**WORK ITEM**.
For this exercise, reproduce the entries below exactly, but only from the line containing "n \<and> orbit_radius" through the line containing "(real (Suc n)))", both included.

[Stored data entries]
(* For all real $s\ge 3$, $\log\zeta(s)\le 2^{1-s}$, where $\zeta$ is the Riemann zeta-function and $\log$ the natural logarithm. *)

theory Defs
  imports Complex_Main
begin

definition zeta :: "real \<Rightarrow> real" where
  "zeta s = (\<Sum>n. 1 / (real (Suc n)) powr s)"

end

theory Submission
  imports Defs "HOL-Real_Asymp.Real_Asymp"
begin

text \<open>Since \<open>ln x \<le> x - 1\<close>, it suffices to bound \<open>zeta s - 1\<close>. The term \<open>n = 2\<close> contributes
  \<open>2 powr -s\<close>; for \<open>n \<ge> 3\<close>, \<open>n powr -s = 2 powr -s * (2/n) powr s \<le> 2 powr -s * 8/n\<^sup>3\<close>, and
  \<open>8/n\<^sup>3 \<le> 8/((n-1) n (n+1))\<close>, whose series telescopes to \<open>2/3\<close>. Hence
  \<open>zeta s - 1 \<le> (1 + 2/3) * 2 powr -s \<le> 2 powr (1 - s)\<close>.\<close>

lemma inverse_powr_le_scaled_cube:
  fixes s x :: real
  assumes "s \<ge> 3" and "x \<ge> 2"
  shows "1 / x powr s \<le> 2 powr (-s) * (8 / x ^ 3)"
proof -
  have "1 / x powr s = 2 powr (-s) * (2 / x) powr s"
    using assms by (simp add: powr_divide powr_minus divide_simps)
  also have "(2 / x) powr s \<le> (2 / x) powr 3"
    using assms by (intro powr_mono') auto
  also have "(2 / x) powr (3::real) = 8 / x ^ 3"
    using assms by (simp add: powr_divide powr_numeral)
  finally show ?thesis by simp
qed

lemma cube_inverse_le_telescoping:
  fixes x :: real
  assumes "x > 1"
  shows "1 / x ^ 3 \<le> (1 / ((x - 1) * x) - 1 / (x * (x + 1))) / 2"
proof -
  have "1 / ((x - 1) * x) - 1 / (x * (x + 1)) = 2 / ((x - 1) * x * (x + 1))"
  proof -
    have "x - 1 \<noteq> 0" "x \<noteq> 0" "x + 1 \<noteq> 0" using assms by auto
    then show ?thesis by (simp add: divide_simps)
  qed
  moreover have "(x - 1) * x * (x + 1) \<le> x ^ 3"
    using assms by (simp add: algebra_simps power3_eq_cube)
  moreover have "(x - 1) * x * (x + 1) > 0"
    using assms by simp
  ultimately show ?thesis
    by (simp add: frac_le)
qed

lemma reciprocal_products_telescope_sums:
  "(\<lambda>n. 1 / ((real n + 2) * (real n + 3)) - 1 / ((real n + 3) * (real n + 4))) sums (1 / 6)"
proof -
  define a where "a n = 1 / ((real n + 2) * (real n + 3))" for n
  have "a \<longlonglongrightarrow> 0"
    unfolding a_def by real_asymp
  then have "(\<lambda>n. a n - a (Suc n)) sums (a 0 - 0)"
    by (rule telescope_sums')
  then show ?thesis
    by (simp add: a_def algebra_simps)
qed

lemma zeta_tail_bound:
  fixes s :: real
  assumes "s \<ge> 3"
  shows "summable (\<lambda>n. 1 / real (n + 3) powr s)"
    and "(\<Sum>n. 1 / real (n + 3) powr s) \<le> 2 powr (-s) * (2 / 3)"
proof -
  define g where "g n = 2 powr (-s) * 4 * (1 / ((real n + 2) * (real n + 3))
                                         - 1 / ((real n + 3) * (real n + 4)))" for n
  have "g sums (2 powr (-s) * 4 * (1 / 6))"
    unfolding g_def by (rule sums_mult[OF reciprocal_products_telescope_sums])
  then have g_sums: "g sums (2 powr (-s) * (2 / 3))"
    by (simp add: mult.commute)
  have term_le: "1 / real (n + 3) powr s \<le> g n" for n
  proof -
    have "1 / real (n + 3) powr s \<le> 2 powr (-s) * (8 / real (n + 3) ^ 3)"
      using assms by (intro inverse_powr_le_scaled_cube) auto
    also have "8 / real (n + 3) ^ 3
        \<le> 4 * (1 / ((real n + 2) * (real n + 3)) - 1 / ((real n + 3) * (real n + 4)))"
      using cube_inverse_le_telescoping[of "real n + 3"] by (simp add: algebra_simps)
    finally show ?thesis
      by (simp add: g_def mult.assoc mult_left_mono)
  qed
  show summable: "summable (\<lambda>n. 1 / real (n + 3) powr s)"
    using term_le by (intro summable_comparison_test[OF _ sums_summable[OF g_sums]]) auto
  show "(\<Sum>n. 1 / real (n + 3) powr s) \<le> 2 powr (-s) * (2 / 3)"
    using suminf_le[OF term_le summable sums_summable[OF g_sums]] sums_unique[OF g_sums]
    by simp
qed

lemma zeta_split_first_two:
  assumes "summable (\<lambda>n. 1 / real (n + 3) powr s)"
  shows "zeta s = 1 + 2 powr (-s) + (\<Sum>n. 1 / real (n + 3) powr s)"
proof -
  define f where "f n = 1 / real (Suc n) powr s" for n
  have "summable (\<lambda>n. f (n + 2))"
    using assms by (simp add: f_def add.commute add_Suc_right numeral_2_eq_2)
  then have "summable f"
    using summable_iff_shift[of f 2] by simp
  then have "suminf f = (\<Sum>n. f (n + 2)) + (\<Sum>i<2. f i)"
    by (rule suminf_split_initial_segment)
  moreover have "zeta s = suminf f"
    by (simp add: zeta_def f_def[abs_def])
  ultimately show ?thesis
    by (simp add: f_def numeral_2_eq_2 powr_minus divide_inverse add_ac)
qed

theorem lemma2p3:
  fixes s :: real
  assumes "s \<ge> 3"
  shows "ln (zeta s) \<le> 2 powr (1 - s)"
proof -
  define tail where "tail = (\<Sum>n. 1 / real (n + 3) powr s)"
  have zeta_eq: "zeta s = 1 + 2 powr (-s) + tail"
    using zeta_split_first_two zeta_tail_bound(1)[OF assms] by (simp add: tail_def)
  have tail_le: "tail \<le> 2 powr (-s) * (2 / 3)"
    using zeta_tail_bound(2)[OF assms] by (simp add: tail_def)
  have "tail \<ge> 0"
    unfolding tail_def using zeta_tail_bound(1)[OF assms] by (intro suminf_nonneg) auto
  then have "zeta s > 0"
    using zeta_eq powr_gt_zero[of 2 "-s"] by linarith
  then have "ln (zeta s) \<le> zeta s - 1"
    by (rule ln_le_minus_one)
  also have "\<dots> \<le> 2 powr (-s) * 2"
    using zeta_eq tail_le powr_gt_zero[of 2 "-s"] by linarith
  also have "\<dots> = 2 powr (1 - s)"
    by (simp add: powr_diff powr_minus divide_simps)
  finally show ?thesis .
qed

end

--

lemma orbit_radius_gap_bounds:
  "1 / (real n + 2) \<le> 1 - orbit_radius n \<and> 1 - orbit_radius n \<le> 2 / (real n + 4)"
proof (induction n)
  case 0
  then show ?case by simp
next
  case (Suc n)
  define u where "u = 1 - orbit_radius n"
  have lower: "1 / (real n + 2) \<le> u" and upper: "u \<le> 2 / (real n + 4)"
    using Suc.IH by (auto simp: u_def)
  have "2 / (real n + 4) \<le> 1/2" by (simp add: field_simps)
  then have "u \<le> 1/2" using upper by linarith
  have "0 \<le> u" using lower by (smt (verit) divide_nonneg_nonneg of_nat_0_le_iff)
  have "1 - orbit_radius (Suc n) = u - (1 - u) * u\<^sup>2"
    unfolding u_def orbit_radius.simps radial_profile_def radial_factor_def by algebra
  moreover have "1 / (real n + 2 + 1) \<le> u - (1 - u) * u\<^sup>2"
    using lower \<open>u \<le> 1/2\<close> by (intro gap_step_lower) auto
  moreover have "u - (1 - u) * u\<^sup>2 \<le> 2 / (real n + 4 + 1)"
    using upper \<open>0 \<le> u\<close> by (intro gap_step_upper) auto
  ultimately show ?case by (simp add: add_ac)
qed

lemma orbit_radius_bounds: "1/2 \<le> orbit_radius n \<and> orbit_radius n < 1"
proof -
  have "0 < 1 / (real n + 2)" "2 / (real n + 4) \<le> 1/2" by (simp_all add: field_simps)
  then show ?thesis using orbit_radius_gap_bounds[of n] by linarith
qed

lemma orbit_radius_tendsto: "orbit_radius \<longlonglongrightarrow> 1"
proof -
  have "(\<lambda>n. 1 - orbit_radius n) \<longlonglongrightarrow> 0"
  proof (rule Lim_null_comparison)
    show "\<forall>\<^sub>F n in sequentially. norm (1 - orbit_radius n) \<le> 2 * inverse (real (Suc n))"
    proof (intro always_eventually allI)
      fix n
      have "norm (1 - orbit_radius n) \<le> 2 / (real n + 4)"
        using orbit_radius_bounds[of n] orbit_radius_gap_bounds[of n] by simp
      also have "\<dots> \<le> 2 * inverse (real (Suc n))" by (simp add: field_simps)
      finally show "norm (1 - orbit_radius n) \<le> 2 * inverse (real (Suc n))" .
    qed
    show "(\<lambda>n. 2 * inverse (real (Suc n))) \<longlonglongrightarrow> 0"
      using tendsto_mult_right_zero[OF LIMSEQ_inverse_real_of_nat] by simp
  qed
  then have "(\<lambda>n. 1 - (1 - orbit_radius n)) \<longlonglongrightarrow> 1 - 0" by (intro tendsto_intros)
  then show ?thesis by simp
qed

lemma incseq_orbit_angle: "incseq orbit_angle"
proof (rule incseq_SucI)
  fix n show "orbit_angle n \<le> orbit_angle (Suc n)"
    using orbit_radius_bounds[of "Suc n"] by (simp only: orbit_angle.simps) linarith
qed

---

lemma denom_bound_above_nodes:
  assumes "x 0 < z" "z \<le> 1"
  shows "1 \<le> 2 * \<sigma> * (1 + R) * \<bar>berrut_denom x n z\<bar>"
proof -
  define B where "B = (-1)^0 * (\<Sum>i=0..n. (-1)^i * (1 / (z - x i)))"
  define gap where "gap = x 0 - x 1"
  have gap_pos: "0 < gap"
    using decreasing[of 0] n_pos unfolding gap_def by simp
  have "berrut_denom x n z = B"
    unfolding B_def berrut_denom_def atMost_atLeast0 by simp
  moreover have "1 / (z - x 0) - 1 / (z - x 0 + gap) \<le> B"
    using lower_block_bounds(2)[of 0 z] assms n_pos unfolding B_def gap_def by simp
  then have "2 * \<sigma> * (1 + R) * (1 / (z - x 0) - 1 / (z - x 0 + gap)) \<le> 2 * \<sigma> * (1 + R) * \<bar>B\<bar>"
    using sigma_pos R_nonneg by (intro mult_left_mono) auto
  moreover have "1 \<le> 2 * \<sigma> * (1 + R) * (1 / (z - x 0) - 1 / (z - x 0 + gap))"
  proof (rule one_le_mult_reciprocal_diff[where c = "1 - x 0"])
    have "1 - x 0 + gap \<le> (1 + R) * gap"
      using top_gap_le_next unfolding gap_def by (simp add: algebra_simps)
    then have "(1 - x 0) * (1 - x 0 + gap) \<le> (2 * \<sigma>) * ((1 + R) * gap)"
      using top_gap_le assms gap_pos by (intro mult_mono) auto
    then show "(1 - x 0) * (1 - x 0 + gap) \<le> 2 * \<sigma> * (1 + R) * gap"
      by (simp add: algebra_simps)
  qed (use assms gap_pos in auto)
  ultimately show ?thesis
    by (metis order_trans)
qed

**ANSWER BOX**.
lemma orbit_radius_bounds: "1/2 \<le> orbit_radius n \<and> orbit_radius n < 1"
proof -
  have "0 < 1 / (real n + 2)" "2 / (real n + 4) \<le> 1/2" by (simp_all add: field_simps)
  then show ?thesis using orbit_radius_gap_bounds[of n] by linarith
qed

lemma orbit_radius_tendsto: "orbit_radius \<longlonglongrightarrow> 1"
proof -
  have "(\<lambda>n. 1 - orbit_radius n) \<longlonglongrightarrow> 0"
  proof (rule Lim_null_comparison)
    show "\<forall>\<^sub>F n in sequentially. norm (1 - orbit_radius n) \<le> 2 * inverse (real (Suc n))"
    proof (intro always_eventually allI)
      fix n
      have "norm (1 - orbit_radius n) \<le> 2 / (real n + 4)"
        using orbit_radius_bounds[of n] orbit_radius_gap_bounds[of n] by simp
      also have "\<dots> \<le> 2 * inverse (real (Suc n))" by (simp add: field_simps)
      finally show "norm (1 - orbit_radius n) \<le> 2 * inverse (real (Suc n))" .
    qed
    show "(\<lambda>n. 2 * inverse (real (Suc n))) \<longlonglongrightarrow> 0"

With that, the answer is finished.